## WORK REQUIRED
What you return must be the lines of the data that hold the word "integral".

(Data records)

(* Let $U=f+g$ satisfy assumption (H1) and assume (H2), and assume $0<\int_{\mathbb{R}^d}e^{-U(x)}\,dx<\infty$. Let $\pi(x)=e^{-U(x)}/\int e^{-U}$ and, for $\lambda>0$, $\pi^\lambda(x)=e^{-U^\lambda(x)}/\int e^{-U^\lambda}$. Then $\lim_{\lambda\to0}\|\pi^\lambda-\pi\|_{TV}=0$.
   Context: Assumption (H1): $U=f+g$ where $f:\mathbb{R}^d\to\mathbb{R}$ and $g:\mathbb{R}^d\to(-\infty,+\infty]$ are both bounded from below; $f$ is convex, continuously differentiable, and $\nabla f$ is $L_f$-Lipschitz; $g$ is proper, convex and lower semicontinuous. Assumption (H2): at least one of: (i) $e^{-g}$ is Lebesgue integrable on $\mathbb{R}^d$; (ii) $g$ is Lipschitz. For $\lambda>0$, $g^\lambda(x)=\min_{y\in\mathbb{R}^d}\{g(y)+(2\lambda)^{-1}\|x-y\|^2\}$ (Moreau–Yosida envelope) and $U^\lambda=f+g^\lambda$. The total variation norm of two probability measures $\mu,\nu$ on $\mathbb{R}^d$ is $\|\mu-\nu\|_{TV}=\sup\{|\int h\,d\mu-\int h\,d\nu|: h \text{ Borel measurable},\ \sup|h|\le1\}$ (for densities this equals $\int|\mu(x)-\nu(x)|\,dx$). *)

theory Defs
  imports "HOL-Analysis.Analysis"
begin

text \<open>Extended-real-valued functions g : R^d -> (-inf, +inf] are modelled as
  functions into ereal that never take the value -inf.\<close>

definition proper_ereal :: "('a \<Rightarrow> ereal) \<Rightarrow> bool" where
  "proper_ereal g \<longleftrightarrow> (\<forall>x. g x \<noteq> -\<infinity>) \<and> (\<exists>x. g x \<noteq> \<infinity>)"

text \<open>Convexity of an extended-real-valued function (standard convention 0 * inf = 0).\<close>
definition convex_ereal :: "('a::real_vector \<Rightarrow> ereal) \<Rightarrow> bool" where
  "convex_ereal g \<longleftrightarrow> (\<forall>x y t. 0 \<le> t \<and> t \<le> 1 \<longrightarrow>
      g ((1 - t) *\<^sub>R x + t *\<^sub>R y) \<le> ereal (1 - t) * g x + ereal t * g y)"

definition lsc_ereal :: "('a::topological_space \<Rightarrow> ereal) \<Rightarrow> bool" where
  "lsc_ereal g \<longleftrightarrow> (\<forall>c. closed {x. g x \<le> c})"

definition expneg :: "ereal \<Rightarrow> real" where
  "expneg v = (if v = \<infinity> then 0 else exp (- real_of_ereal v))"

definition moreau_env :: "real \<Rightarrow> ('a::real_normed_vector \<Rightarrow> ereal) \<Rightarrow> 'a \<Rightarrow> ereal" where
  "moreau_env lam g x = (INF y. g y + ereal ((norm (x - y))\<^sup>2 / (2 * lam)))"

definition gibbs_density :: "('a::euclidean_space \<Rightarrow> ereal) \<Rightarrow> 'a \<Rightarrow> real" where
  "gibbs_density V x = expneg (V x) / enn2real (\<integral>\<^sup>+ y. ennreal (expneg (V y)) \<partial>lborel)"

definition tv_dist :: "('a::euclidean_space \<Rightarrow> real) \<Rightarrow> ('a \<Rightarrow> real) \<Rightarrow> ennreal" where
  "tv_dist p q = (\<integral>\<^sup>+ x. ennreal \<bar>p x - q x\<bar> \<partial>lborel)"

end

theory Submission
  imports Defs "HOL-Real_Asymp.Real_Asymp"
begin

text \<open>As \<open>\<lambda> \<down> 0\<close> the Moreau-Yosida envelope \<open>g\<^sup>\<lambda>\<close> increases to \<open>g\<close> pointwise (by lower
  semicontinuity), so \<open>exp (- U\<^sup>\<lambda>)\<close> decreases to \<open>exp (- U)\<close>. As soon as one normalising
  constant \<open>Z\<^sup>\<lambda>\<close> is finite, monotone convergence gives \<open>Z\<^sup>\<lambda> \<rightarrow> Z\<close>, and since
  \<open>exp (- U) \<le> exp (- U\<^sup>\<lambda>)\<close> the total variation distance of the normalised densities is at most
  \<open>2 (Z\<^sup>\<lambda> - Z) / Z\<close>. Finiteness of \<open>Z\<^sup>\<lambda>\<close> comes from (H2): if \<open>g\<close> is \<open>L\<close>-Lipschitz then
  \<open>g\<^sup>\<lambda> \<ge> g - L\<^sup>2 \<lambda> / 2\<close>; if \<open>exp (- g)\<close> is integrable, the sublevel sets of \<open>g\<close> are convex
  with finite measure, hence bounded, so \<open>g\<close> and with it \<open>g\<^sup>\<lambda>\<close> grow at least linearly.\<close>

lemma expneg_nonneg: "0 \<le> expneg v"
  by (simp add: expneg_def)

## EXERCISE RESULT
  "gibbs_density V x = expneg (V x) / enn2real (\<integral>\<^sup>+ y. ennreal (expneg (V y)) \<partial>lborel)"
  "tv_dist p q = (\<integral>\<^sup>+ x. ennreal \<bar>p x - q x\<bar> \<partial>lborel)"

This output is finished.